It’s my birthday next week, again!  Birthdays are always a time of mixed feelings for me.  A period of reflection on the past year and of planning for the coming one.  But this, my 36th birthday, feels very different.  When I look back on everything that has happened in the last 12 months, I actually can’t believe it.

The last year has seen me taking lots of small, seemingly insignificant steps, which have somehow accumulated to bring me so much closer to my “dream life” than I could have thought possible when I was turning 35!  Slowly, almost imperceptibly, I have begun to change.  So here’s the run down!

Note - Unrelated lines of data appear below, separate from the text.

lemma comparable_on_Msig:
  fixes \<sigma> a A :: real and B :: "real \<Rightarrow> real \<Rightarrow> real" and S :: "complex set"
  assumes \<sigma>: "-5/2 < \<sigma>" "\<sigma> \<noteq> -1/2" and aA: "0 < a" "0 < A"
    and B: "\<And>W Z. 2 \<le> Z \<Longrightarrow> Z \<le> W \<Longrightarrow>
      0 \<le> B W Z \<and> a * (B W Z)^2 \<le> msum_scale \<sigma> W Z \<and> msum_scale \<sigma> W Z \<le> A * (B W Z)^2"
  shows "comparable_on S (Msig \<sigma>) (\<lambda>l \<zeta>. B (jomega l \<zeta>) (jzeta \<zeta>))"
proof -
  obtain C where C: "C > 0" "\<And>W Z. 2 \<le> Z \<Longrightarrow> Z \<le> W \<Longrightarrow>
      summable (msum_term \<sigma> W Z) \<and> suminf (msum_term \<sigma> W Z) \<le> C * msum_scale \<sigma> W Z"
    by (rule msum_upper_bound[OF \<sigma>]) (rule that)
  define c where "c = 1 / (1476 * 10 powr \<bar>\<sigma>\<bar>)"
  have c: "0 < c" by (simp add: c_def)
  have bounds: "sqrt (c * a) * B W Z \<le> sqrt (suminf (msum_term \<sigma> W Z))
      \<and> sqrt (suminf (msum_term \<sigma> W Z)) \<le> sqrt (C * A) * B W Z"
    if Z: "2 \<le> Z" "Z \<le> W" for W Z
  proof -
    note B = B[OF Z] and C = C(2)[OF Z]
    have "c * a * (B W Z)^2 \<le> c * msum_scale \<sigma> W Z"
      using B c by (simp only: mult.assoc mult_le_cancel_left_pos)
    also have "\<dots> \<le> suminf (msum_term \<sigma> W Z)"
      using msum_lower_bound[OF Z] C unfolding c_def by simp
    finally have "c * a * (B W Z)^2 \<le> suminf (msum_term \<sigma> W Z)" .
    moreover have "C * msum_scale \<sigma> W Z \<le> C * (A * (B W Z)^2)"
      using B \<open>C > 0\<close> by (intro mult_left_mono) auto
    hence "suminf (msum_term \<sigma> W Z) \<le> C * A * (B W Z)^2"
      using C by (simp add: mult.assoc)
    ultimately show ?thesis using B c aA \<open>C > 0\<close> by (intro conjI sqrt_le_of_square_bounds) auto
  qed
  show ?thesis
    unfolding comparable_on_def
  proof (rule exI[of _ "sqrt (c * a)"], rule exI[of _ "sqrt (C * A)"], intro conjI ballI allI impI)
    show "0 < sqrt (c * a)" "0 < sqrt (C * A)" using c aA \<open>C > 0\<close> by simp_all
    fix l :: complex and \<zeta> :: "int \<times> int" assume "\<zeta> \<noteq> (0, 0)"
    hence "2 \<le> jzeta \<zeta>" "jzeta \<zeta> \<le> jomega l \<zeta>" by (simp_all add: jzeta_ge_two jzeta_le_jomega)
    from bounds[OF this]
    show "sqrt (c * a) * B (jomega l \<zeta>) (jzeta \<zeta>) \<le> Msig \<sigma> l \<zeta>"
      and "Msig \<sigma> l \<zeta> \<le> sqrt (C * A) * B (jomega l \<zeta>) (jzeta \<zeta>)"
      by (simp_all only: Msig_eq_sqrt_suminf)
  qed
qed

I started coaching nutrition clients!  Even as I type this, I almost can’t believe it.  After all the training, the research and my own trial and error, this year it was finally time to take the plunge.  I was wracked with impostor syndrome.  I felt sure someone would interrupt my presentation to ask “why should we be listening to you, what do you know?”  Surprisingly, this did not happen.  Naturally, I was very nervous during that first presentation, but I think I relaxed in to it.  Six weeks later when I was closing out with that first group, it felt like no big deal anymore!

The other big thing that happened is that I qualified as a Zumba instructor and recently began to teach classes.  I have spoken about this in previous posts, so suffice is to say, the nerves and anxiety were back with a vengeance.  Even attending the training I felt like a fraud.  I didn’t have the right gear, I wasn’t as good as the other girls, I wasn’t fit enough, etc., etc., etc!  Of course, this was ridiculous.  Both training days were a complete blast.  I can’t think of a better way to spend a day than dancing with 50 like minded ladies.  I have even signed up for another course in December.

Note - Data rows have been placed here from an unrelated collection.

lemma sum_fibp_eq_fibp_row:
  assumes "finite S" "{-1..int n} \<subseteq> S"
  shows "(\<Sum>d\<in>S. fibp n j d) = fibp_row n j"
  using assms
proof (induction n j arbitrary: S rule: fibp_row.induct)
  case (1 j)
  then show ?case
    by (cases "j = 0") (auto simp: sum.delta[OF \<open>finite S\<close>])
next
  case (2 j)
  then show ?case
    by (cases "j = 0") (auto simp: sum.delta[OF \<open>finite S\<close>])
next
  case (3 n j)
  let ?T = "(\<lambda>d. d - 1) ` S"
  have shift: "(\<Sum>d\<in>S. f (d - 1)) = (\<Sum>d\<in>?T. f d)" for f :: "int \<Rightarrow> int"
    by (simp add: sum.reindex inj_on_def)
  have T: "finite ?T" "{-1..int (Suc n)} \<subseteq> ?T"
  proof -
    show "finite ?T"
      using 3 by simp
    have "x \<in> ?T" if "x \<in> {-1..int (Suc n)}" for x
      using that 3(4) by (intro image_eqI[of x _ "x + 1"]) auto
    then show "{-1..int (Suc n)} \<subseteq> ?T"
      by blast
  qed
  have "(\<Sum>d\<in>S. fibp (Suc (Suc n)) j d) = (\<Sum>d\<in>S. fibp (Suc n) j d) + (\<Sum>d\<in>?T. fibp (Suc n) j d)
      + (if j = 0 then 0 else (\<Sum>d\<in>?T. fibp n (j - 1) d))"
    by (simp add: sum.distrib shift[symmetric])
  also have "\<dots> = fibp_row (Suc (Suc n)) j"
  proof -
    have "{-1..int (Suc n)} \<subseteq> S" "{-1..int n} \<subseteq> ?T"
      using 3(4) T(2) by auto
    then show ?thesis
      using 3 T by simp
  qed
  finally show ?case .
qed

lemma sum_fibp_Suc: "(\<Sum>d\<in>{0..int k}. fibp (Suc k) j d) = fibp_row (Suc k) j"
proof -
  have "(\<Sum>d\<in>{0..int k}. fibp (Suc k) j d) = (\<Sum>d\<in>{-1..int (Suc k)}. fibp (Suc k) j d)"
    by (rule sum.mono_neutral_left) (auto intro!: fibp_eq_0)
  also have "\<dots> = fibp_row (Suc k) j"
    by (rule sum_fibp_eq_fibp_row) auto
  finally show ?thesis .
qed

definition binom_bracket :: "nat \<Rightarrow> nat \<Rightarrow> nat" where
  "binom_bracket k j = (if j = 0 then 0 else (k - j) choose (j - 1)) + ((Suc k - j) choose j)"

lemma binom_bracket_Suc:
  assumes "1 \<le> n" "1 \<le> j" "2 * j \<le> Suc n"
  shows "binom_bracket (Suc n) j = binom_bracket n j + binom_bracket (n - 1) (j - 1)"
proof -
  define i where "i = j - 1"
  define r where "r = n - j"
  have j: "j = Suc i" and n: "n = r + Suc i"
    using assms by (simp_all add: i_def r_def)
  show ?thesis
    by (cases i) (simp_all add: binom_bracket_def j n)
qed

definition row_formula :: "nat \<Rightarrow> nat \<Rightarrow> int" where
  "row_formula k j = (if 2 * j \<le> Suc k then 2 ^ (Suc k - 2 * j) * int (binom_bracket k j) else 0)"

lemma row_formula_Suc_Suc:
  "row_formula (Suc (Suc k)) j
     = 2 * row_formula (Suc k) j + (if j = 0 then 0 else row_formula k (j - 1))"
proof -
  consider "j = 0" | "1 \<le> j" "2 * j \<le> Suc (Suc k)" | "2 * j = Suc (Suc (Suc k))"
    | "Suc (Suc (Suc k)) < 2 * j"
    by linarith
  then show ?thesis
  proof cases
    case 1
    then show ?thesis
      by (simp add: row_formula_def binom_bracket_def)
  next
    case 2
    then have "Suc (Suc (Suc k)) - 2 * j = Suc (Suc (Suc k) - 2 * j)"
      "Suc k - 2 * (j - 1) = Suc (Suc (Suc k)) - 2 * j" "2 * (j - 1) \<le> Suc k"
      by auto
    then show ?thesis
      using 2 binom_bracket_Suc[of "Suc k" j] by (simp add: row_formula_def algebra_simps)
  next
    case 3
    define i where "i = j - 2"
    have "j = Suc (Suc i)" "k = Suc (2 * i)"
      using 3 by (simp_all add: i_def)
    then show ?thesis
      by (simp add: row_formula_def binom_bracket_def)
  next
    case 4
    then have "\<not> 2 * (j - 1) \<le> Suc k"
      by simp
    then show ?thesis
      using 4 by (simp add: row_formula_def)
  qed
qed

lemma fibp_row_closed_form: "2 * fibp_row (Suc k) j = row_formula k j"
proof (induction k arbitrary: j rule: less_induct)
  case (less k)
  consider "k = 0" | "k = 1" | k' where "k = Suc (Suc k')"
    by (metis One_nat_def not0_implies_Suc)
  then show ?case
  proof cases
    case 1
    then show ?thesis
      by (cases j) (simp_all add: row_formula_def binom_bracket_def)
  next
    case 2
    then show ?thesis
      by (cases j) (auto simp: row_formula_def binom_bracket_def numeral_2_eq_2)
  next
    case 3
    then have "2 * fibp_row (Suc k) j
        = 2 * (2 * fibp_row (Suc (Suc k')) j)
          + (if j = 0 then 0 else 2 * fibp_row (Suc k') (j - 1))"
      by simp
    then show ?thesis
      using less.IH[of "Suc k'"] less.IH[of k'] 3
      by (simp add: row_formula_Suc_Suc del: fibp_row.simps)
  qed
qed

When it came to teaching that first class, I was so nervous, I thought I was going to throw up.  The things I came up with to fret about!  I was terrified of my mind going blank and forgetting all the steps, even though I had spent countless hours practicing.  I was nervous people would question my previous experience.  What was I going to say if people asked how long I had been teaching for?  Would it make me less credible if I admitted that this was my first class?  What if nobody turned up?  What if too many people showed up?  What should I wear?  On and on it went.  I can confidently say that my mind ran though every possible eventuality and even a few impossible ones!  My over thinking kept me awake at night.  For the weeks leading up to the maiden class, my walks, drives, showers and even dreams were all done to a Latin soundtrack!

The night eventually came, and although my performance was far from flawless, we all got through it.  I fumbled a few steps, but I think I got away with it.  I followed the advice of my own Zumba instructor who said “keep it simple and don’t forget to smile!”  The ladies were lovely and not one of them asked to see my credentials.  Even better, they all came back the following week!  When I woke up the morning after, my body felt like it had been run over.  It was only then did I realise just how tense I had been.

Another big change lately, has been starting the low FODMAP diet.  After more than a decade of struggling with digestive problems, I am excited to think that maybe I can “fix” it with dietary and lifestyle interventions, as opposed to medication.  I am only two weeks in and it’s really too early to tell if it’s working, but I will definitely be writing a full post about it in the coming weeks.  Ironically, the IBS issues combined with my struggles with my weight, have been what has inspired the other big changes in my life.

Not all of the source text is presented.